• _WHAT IS REQUIRED_
Tally up the lines in the following entries where the string "partial" appears, and answer with the number alone.

• _Saved entries_
==============================
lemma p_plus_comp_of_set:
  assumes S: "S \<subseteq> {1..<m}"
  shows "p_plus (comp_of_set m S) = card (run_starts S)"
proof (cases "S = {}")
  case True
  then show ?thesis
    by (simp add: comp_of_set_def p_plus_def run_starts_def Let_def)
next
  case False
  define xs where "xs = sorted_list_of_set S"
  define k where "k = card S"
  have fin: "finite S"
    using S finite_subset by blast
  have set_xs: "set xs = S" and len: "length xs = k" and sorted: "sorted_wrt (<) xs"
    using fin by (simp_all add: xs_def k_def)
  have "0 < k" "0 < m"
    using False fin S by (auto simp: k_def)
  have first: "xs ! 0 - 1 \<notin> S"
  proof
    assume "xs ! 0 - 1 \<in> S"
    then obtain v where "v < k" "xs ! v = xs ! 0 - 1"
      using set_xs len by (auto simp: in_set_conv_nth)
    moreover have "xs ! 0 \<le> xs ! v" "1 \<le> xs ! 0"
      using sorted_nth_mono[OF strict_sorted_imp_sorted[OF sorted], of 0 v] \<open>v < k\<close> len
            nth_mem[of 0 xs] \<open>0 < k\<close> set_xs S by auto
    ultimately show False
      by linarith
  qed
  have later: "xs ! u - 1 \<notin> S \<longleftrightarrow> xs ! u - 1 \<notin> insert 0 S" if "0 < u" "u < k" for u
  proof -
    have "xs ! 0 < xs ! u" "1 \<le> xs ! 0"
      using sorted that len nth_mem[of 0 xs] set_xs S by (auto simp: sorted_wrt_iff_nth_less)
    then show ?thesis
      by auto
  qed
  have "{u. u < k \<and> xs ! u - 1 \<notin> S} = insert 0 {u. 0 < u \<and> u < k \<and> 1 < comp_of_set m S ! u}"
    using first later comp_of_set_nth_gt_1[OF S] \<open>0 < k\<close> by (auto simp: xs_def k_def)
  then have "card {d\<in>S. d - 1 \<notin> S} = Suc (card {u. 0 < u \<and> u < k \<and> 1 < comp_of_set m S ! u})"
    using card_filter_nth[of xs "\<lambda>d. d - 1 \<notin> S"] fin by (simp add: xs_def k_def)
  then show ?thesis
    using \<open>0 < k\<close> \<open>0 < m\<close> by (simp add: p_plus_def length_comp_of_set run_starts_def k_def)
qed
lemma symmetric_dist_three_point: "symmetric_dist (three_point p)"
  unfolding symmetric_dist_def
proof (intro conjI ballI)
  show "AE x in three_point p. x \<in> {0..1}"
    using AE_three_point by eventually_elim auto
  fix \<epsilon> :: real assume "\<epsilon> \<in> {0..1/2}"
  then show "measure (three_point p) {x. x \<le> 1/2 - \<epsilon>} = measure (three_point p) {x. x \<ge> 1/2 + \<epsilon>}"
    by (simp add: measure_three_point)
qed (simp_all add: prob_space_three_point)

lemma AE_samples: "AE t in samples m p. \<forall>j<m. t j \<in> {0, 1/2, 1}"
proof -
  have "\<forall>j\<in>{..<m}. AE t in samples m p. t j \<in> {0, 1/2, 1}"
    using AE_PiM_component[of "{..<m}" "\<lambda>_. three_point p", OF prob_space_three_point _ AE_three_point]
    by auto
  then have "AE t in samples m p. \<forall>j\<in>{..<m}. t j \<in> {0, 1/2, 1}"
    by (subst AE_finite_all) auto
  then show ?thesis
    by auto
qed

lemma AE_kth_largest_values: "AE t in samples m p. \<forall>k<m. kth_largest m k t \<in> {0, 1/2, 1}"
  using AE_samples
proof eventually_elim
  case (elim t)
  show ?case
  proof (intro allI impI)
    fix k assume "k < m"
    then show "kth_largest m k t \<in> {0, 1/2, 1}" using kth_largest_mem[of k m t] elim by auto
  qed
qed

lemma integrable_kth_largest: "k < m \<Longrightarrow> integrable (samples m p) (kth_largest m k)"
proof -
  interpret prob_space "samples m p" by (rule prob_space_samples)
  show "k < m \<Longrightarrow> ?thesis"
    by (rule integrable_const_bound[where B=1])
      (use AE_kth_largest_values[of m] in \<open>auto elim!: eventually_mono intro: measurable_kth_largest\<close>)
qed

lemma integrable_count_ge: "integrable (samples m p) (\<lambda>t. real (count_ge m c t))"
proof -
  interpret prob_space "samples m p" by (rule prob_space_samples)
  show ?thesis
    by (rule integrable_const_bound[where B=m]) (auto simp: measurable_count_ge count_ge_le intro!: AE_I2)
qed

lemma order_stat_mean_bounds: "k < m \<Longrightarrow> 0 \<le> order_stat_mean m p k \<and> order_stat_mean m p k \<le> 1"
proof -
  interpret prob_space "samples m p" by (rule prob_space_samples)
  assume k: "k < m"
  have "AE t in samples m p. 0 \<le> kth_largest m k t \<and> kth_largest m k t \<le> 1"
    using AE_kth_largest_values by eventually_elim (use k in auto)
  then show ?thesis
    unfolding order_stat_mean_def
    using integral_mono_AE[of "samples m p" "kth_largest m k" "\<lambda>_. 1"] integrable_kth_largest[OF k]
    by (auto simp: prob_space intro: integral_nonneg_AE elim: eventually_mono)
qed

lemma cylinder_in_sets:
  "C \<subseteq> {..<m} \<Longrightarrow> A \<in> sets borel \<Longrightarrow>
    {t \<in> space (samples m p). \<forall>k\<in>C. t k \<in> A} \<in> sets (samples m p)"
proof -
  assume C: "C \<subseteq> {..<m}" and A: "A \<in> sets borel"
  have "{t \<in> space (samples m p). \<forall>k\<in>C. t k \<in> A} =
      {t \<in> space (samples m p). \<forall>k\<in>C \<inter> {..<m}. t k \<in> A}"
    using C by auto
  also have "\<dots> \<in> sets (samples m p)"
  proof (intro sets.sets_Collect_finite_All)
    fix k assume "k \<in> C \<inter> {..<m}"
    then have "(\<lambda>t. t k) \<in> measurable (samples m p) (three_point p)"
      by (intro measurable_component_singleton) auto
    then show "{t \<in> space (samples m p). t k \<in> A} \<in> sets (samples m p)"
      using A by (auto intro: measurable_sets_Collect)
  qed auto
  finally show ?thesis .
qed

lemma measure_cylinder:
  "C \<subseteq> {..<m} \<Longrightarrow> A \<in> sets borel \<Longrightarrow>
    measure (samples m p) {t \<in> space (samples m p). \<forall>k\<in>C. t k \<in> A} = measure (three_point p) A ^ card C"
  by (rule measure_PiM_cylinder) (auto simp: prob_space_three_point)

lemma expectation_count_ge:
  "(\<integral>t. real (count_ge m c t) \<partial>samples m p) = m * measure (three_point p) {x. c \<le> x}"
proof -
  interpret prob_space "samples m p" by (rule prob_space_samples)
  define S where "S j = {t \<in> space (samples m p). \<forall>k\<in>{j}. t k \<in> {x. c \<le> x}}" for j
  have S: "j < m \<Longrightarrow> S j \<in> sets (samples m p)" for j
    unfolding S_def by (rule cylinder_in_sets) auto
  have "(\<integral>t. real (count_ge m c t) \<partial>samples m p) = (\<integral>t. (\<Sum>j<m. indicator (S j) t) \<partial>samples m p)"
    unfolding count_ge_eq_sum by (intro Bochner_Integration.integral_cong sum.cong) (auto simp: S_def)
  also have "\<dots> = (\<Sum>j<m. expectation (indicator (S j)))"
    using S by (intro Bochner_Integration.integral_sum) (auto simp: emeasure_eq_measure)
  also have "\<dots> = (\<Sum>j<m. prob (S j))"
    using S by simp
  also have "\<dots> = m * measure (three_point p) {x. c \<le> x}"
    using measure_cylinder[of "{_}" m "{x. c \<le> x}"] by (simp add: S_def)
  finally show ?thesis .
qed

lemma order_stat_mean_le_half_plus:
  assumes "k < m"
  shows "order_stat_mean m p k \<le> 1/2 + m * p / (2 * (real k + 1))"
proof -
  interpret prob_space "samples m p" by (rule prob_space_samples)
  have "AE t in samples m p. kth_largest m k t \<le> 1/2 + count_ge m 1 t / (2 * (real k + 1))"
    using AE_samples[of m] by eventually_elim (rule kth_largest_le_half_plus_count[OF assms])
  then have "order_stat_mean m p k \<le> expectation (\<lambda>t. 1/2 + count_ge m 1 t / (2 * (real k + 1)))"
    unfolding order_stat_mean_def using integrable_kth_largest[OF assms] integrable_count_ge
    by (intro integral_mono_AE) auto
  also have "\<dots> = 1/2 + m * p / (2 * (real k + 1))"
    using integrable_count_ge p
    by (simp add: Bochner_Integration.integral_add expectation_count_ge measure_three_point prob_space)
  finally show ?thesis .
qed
==============================
• _PROBLEM SOLUTION_
2